Collected data:
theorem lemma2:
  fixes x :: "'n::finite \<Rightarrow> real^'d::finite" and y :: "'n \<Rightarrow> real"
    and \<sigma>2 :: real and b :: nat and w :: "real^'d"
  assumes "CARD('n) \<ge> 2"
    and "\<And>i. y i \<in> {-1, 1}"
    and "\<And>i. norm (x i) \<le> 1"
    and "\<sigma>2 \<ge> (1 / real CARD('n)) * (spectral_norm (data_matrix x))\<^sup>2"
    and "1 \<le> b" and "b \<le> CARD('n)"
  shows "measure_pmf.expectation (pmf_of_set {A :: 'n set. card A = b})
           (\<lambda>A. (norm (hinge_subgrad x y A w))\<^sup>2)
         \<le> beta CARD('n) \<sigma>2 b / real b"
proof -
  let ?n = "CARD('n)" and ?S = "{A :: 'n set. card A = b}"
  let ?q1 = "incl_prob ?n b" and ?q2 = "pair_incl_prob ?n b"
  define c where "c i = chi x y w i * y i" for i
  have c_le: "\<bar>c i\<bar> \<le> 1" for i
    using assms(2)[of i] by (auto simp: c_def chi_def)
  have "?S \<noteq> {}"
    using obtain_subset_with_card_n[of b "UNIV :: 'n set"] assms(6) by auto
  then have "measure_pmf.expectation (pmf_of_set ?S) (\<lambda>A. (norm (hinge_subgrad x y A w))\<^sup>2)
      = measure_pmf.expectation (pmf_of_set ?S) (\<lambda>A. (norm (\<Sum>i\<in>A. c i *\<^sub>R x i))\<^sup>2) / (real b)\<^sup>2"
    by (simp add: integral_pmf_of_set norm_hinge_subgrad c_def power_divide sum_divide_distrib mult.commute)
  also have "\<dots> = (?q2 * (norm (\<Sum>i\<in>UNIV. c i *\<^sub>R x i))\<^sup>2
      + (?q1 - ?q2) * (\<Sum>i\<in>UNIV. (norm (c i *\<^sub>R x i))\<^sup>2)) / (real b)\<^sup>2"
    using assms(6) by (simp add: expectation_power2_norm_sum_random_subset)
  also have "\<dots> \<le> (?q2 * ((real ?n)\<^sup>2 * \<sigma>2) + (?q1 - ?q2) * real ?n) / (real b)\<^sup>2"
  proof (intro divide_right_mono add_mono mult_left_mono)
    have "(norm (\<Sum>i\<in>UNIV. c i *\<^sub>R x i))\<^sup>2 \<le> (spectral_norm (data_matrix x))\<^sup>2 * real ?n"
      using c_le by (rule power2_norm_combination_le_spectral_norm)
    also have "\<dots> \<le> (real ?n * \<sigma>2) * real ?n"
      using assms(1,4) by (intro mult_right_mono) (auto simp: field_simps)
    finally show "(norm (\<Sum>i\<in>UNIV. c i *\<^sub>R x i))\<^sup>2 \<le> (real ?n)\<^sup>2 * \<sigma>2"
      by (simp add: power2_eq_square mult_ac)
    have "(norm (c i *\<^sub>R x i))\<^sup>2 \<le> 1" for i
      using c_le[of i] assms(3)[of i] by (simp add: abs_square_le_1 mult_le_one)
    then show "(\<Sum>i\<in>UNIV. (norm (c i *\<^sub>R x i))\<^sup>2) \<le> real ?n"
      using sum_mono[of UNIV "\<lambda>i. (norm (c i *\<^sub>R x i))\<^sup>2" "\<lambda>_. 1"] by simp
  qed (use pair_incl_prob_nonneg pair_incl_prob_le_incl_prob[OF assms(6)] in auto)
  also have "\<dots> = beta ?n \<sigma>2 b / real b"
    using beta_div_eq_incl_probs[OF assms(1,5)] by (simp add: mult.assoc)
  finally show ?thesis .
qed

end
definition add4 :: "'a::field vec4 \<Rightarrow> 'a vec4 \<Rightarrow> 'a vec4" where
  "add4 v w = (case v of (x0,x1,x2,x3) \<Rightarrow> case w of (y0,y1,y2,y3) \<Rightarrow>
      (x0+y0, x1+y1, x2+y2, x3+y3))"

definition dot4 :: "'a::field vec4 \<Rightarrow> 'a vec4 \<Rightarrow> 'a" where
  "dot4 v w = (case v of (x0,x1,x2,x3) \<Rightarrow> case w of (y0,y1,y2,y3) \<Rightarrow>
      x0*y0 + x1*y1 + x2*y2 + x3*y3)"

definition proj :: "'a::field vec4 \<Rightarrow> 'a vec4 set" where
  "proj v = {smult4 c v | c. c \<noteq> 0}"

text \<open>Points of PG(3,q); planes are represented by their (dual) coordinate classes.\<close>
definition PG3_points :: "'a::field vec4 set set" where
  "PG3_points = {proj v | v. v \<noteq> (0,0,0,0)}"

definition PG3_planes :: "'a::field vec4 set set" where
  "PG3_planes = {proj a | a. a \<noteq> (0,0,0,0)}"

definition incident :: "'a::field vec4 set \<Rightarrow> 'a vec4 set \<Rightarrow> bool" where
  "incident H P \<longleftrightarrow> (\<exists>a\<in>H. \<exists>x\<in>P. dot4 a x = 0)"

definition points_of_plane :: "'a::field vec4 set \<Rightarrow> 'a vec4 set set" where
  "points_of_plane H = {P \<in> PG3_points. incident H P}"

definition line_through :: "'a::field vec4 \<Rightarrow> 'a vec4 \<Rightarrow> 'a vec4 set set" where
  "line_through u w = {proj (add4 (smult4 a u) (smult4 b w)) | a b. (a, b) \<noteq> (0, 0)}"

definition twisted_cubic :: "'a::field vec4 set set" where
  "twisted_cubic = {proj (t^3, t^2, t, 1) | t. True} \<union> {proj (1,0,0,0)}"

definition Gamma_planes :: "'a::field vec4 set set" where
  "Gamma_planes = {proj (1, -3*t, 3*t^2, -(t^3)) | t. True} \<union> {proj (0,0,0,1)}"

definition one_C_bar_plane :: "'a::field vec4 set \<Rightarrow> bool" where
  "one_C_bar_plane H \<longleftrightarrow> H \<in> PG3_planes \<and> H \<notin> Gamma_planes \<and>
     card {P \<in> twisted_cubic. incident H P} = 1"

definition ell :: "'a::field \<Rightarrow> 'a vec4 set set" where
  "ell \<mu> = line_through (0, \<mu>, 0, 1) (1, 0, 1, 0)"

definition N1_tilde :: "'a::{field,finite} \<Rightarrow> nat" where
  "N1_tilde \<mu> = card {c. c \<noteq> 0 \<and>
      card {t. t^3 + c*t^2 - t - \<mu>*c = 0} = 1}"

Problem description - Repeat every entry exactly, leaving nothing out.

Response to this exercise -
theorem lemma2:
  fixes x :: "'n::finite \<Rightarrow> real^'d::finite" and y :: "'n \<Rightarrow> real"
    and \<sigma>2 :: real and b :: nat and w :: "real^'d"
  assumes "CARD('n) \<ge> 2"
    and "\<And>i. y i \<in> {-1, 1}"
    and "\<And>i. norm (x i) \<le> 1"
    and "\<sigma>2 \<ge> (1 / real CARD('n)) * (spectral_norm (data_matrix x))\<^sup>2"
    and "1 \<le> b" and "b \<le> CARD('n)"
  shows "measure_pmf.expectation (pmf_of_set {A :: 'n set. card A = b})
           (\<lambda>A. (norm (hinge_subgrad x y A w))\<^sup>2)
         \<le> beta CARD('n) \<sigma>2 b / real b"
proof -
  let ?n = "CARD('n)" and ?S = "{A :: 'n set. card A = b}"
  let ?q1 = "incl_prob ?n b" and ?q2 = "pair_incl_prob ?n b"
  define c where "c i = chi x y w i * y i" for i
  have c_le: "\<bar>c i\<bar> \<le> 1" for i
    using assms(2)[of i] by (auto simp: c_def chi_def)
  have "?S \<noteq> {}"
    using obtain_subset_with_card_n[of b "UNIV :: 'n set"] assms(6) by auto
  then have "measure_pmf.expectation (pmf_of_set ?S) (\<lambda>A. (norm (hinge_subgrad x y A w))\<^sup>2)
      = measure_pmf.expectation (pmf_of_set ?S) (\<lambda>A. (norm (\<Sum>i\<in>A. c i *\<^sub>R x i))\<^sup>2) / (real b)\<^sup>2"
    by (simp add: integral_pmf_of_set norm_hinge_subgrad c_def power_divide sum_divide_distrib mult.commute)
  also have "\<dots> = (?q2 * (norm (\<Sum>i\<in>UNIV. c i *\<^sub>R x i))\<^sup>2
      + (?q1 - ?q2) * (\<Sum>i\<in>UNIV. (norm (c i *\<^sub>R x i))\<^sup>2)) / (real b)\<^sup>2"
    using assms(6) by (simp add: expectation_power2_norm_sum_random_subset)
  also have "\<dots> \<le> (?q2 * ((real ?n)\<^sup>2 * \<sigma>2) + (?q1 - ?q2) * real ?n) / (real b)\<^sup>2"
  proof (intro divide_right_mono add_mono mult_left_mono)
    have "(norm (\<Sum>i\<in>UNIV. c i *\<^sub>R x i))\<^sup>2 \<le> (spectral_norm (data_matrix x))\<^sup>2 * real ?n"
      using c_le by (rule power2_norm_combination_le_spectral_norm)
    also have "\<dots> \<le> (real ?n * \<sigma>2) * real ?n"
      using assms(1,4) by (intro mult_right_mono) (auto simp: field_simps)
    finally show "(norm (\<Sum>i\<in>UNIV. c i *\<^sub>R x i))\<^sup>2 \<le> (real ?n)\<^sup>2 * \<sigma>2"
      by (simp add: power2_eq_square mult_ac)
    have "(norm (c i *\<^sub>R x i))\<^sup>2 \<le> 1" for i
      using c_le[of i] assms(3)[of i] by (simp add: abs_square_le_1 mult_le_one)
    then show "(\<Sum>i\<in>UNIV. (norm (c i *\<^sub>R x i))\<^sup>2) \<le> real ?n"
      using sum_mono[of UNIV "\<lambda>i. (norm (c i *\<^sub>R x i))\<^sup>2" "\<lambda>_. 1"] by simp
  qed (use pair_incl_prob_nonneg pair_incl_prob_le_incl_prob[OF assms(6)] in auto)
  also have "\<dots> = beta ?n \<sigma>2 b / real b"
    using beta_div_eq_incl_probs[OF assms(1,5)] by (simp add: mult.assoc)
  finally show ?thesis .
qed

end
definition add4 :: "'a::field vec4 \<Rightarrow> 'a vec4 \<Rightarrow> 'a vec4" where
  "add4 v w = (case v of (x0,x1,x2,x3) \<Rightarrow> case w of (y0,y1,y2,y3) \<Rightarrow>
      (x0+y0, x1+y1, x2+y2, x3+y3))"

definition dot4 :: "'a::field vec4 \<Rightarrow> 'a vec4 \<Rightarrow> 'a" where
  "dot4 v w = (case v of (x0,x1,x2,x3) \<Rightarrow> case w of (y0,y1,y2,y3) \<Rightarrow>
      x0*y0 + x1*y1 + x2*y2 + x3*y3)"

definition proj :: "'a::field vec4 \<Rightarrow> 'a vec4 set" where
  "proj v = {smult4 c v | c. c \<noteq> 0}"

text \<open>Points of PG(3,q); planes are represented by their (dual) coordinate classes.\<close>
definition PG3_points :: "'a::field vec4 set set" where
  "PG3_points = {proj v | v. v \<noteq> (0,0,0,0)}"

definition PG3_planes :: "'a::field vec4 set set" where
  "PG3_planes = {proj a | a. a \<noteq> (0,0,0,0)}"

definition incident :: "'a::field vec4 set \<Rightarrow> 'a vec4 set \<Rightarrow> bool" where
  "incident H P \<longleftrightarrow> (\<exists>a\<in>H. \<exists>x\<in>P. dot4 a x = 0)"

definition points_of_plane :: "'a::field vec4 set \<Rightarrow> 'a vec4 set set" where
  "points_of_plane H = {P \<in> PG3_points. incident H P}"

definition line_through :: "'a::field vec4 \<Rightarrow> 'a vec4 \<Rightarrow> 'a vec4 set set" where
  "line_through u w = {proj (add4 (smult4 a u) (smult4 b w)) | a b. (a, b) \<noteq> (0, 0)}"

definition twisted_cubic :: "'a::field vec4 set set" where
  "twisted_cubic = {proj (t^3, t^2, t, 1) | t. True} \<union> {proj (1,0,0,0)}"

definition Gamma_planes :: "'a::field vec4 set set" where
  "Gamma_planes = {proj (1, -3*t, 3*t^2, -(t^3)) | t. True} \<union> {proj (0,0,0,1)}"

definition one_C_bar_plane :: "'a::field vec4 set \<Rightarrow> bool" where
  "one_C_bar_plane H \<longleftrightarrow> H \<in> PG3_planes \<and> H \<notin> Gamma_planes \<and>
     card {P \<in> twisted_cubic. incident H P} = 1"

definition ell :: "'a::field \<Rightarrow> 'a vec4 set set" where
  "ell \<mu> = line_through (0, \<mu>, 0, 1) (1, 0, 1, 0)"

definition N1_tilde :: "'a::{field,finite} \<Rightarrow> nat" where
  "N1_tilde \<mu> = card {c. c \<noteq> 0 \<and>
      card {t. t^3 + c*t^2 - t - \<mu>*c = 0} = 1}"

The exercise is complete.